### Entries shown ###
lemma explore_prob_le_1: "explore_prob M s \<le> 1"
  by (simp add: explore_prob_def)

lemma sets_explores_one [measurable]: "explores_one M s \<in> sets (focus_space M mu)"
proof -
  have "{\<omega> \<in> space (focus_space M mu). coin_of \<omega> s < explore_prob M s \<and> arm_of \<omega> s = 1}
      \<in> sets (focus_space M mu)"
    by measurable
  then show ?thesis
    by (simp add: explores_one_def space_focus_space)
qed

lemma measure_Inter_explores_one:
  assumes "finite J" "M > 0"
  shows "measure (focus_space M mu) (\<Inter>s\<in>J. explores_one M s)
    = (\<Prod>s\<in>J. explore_prob M s / real M)"
proof -
  have "(\<Inter>s\<in>J. explores_one M s)
      = {\<omega>. \<forall>s\<in>J. coin_of \<omega> s < explore_prob M s \<and> arm_of \<omega> s = 1}"
    by (auto simp: explores_one_def)
  then have "emeasure (focus_space M mu) (\<Inter>s\<in>J. explores_one M s)
      = ennreal (\<Prod>s\<in>J. explore_prob M s / real M)"
    using emeasure_coins_below_arms_one[OF assms(1) _ assms(2)] explore_prob_nonneg explore_prob_le_1
    by (simp add: prod_ennreal)
  then show ?thesis
    by (simp add: measure_def prod_nonneg explore_prob_nonneg)
qed

lemma measure_explores_one:
  "M > 0 \<Longrightarrow> measure (focus_space M mu) (explores_one M s) = explore_prob M s / real M"
  using measure_Inter_explores_one[of "{s}" M mu] by simp

lemma indep_explores_one:
  "M > 0 \<Longrightarrow> prob_space.indep_events (focus_space M mu) (explores_one M) I"
  by (intro prob_space.indep_eventsI prob_space_focus_space sets_explores_one)
     (simp add: measure_Inter_explores_one measure_explores_one)

lemma (in prob_space) indep_vars_indicator:
  assumes "indep_events A I"
  shows "indep_vars (\<lambda>_. borel) (\<lambda>i. indicator (A i) :: 'a \<Rightarrow> real) I"
proof -
  have A: "A i \<in> events" if "i \<in> I" for i
    using assms that unfolding indep_events_def by auto
  have "indep_sets (\<lambda>i. sigma_sets (space M) {A i}) I"
    using assms unfolding indep_events_def_alt by (rule indep_sets_sigma) (auto simp: Int_stable_def)
  moreover have "{(indicator (A i) :: 'a \<Rightarrow> real) -` B \<inter> space M |B. B \<in> sets borel}
      \<subseteq> sigma_sets (space M) {A i}"
    if "i \<in> I" for i
  proof safe
    fix B :: "real set"
    have "indicator (A i) -` B \<inter> space M =
      (if 1 \<in> B then if 0 \<in> B then space M else A i else if 0 \<in> B then space M - A i else {})"
      using sets.sets_into_space[OF A[OF that]] by (auto simp: indicator_def of_bool_def split: if_splits)
    then show "indicator (A i) -` B \<inter> space M \<in> sigma_sets (space M) {A i}"
      by (auto intro: sigma_sets.Basic sigma_sets.Compl sigma_sets.Empty sigma_sets_top)
  qed
  ultimately show ?thesis
    unfolding indep_vars_def2 using A by (auto intro: indep_sets_mono_sets)
qed

lemma prob_few_explorations_le:
  assumes "M > 0" "0 \<le> e" "t > 0"
  shows "measure (focus_space M mu) {\<omega> \<in> space (focus_space M mu).
      (\<Sum>s=1..t. indicator (explores_one M s) \<omega>) \<le> (\<Sum>s=1..t. explore_prob M s / real M) - e}
    \<le> exp (-2 * e^2 / real t)"
proof -
  interpret P: prob_space "focus_space M mu"
    by (rule prob_space_focus_space)
  interpret Hoeffding_ineq "focus_space M mu" "{1..t}" "\<lambda>s. indicator (explores_one M s)"
      "\<lambda>_. 0" "\<lambda>_. 1"
      "\<Sum>s=1..t. explore_prob M s / real M"
  proof unfold_locales
    show "P.indep_vars (\<lambda>_. borel) (\<lambda>s. indicator (explores_one M s) :: sample \<Rightarrow> real) {1..t}"
      by (rule P.indep_vars_indicator[OF indep_explores_one[OF assms(1)]])
  qed (simp_all add: indicator_def measure_explores_one[OF assms(1)])
  show ?thesis
    using Hoeffding_ineq_le[OF assms(2)] assms(3) by simp
qed

lemma explore_prob_le_eps:
  assumes "1 \<le> s"
  shows "explore_prob M s \<le> eps M s nu"
proof -
  define d where "d = max 1 (real s - real nu)"
  have "1 \<le> d" "d \<le> real s"
    using assms by (auto simp: d_def)
  then have "real M / real s powr (1/3) \<le> real M / d powr (1/3)"
    by (intro divide_left_mono powr_mono2 mult_pos_pos) auto
  then show ?thesis
    unfolding explore_prob_def eps_def d_def[symmetric] by linarith
qed

lemma hist_Suc_if_explores_one:
  assumes "\<omega> \<in> explores_one M (Suc t)"
  shows "hist M \<omega> (Suc t) = hist M \<omega> t @ [1]"
  using assms explore_prob_le_eps[of "Suc t" M] unfolding explores_one_def hist_Suc_eq
  by (auto intro: less_le_trans)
###
*Problem description*.
Tally up how many lines in the preceding listing contain the word "lemma". Give nothing but the number.

*Solution for this problem*.
9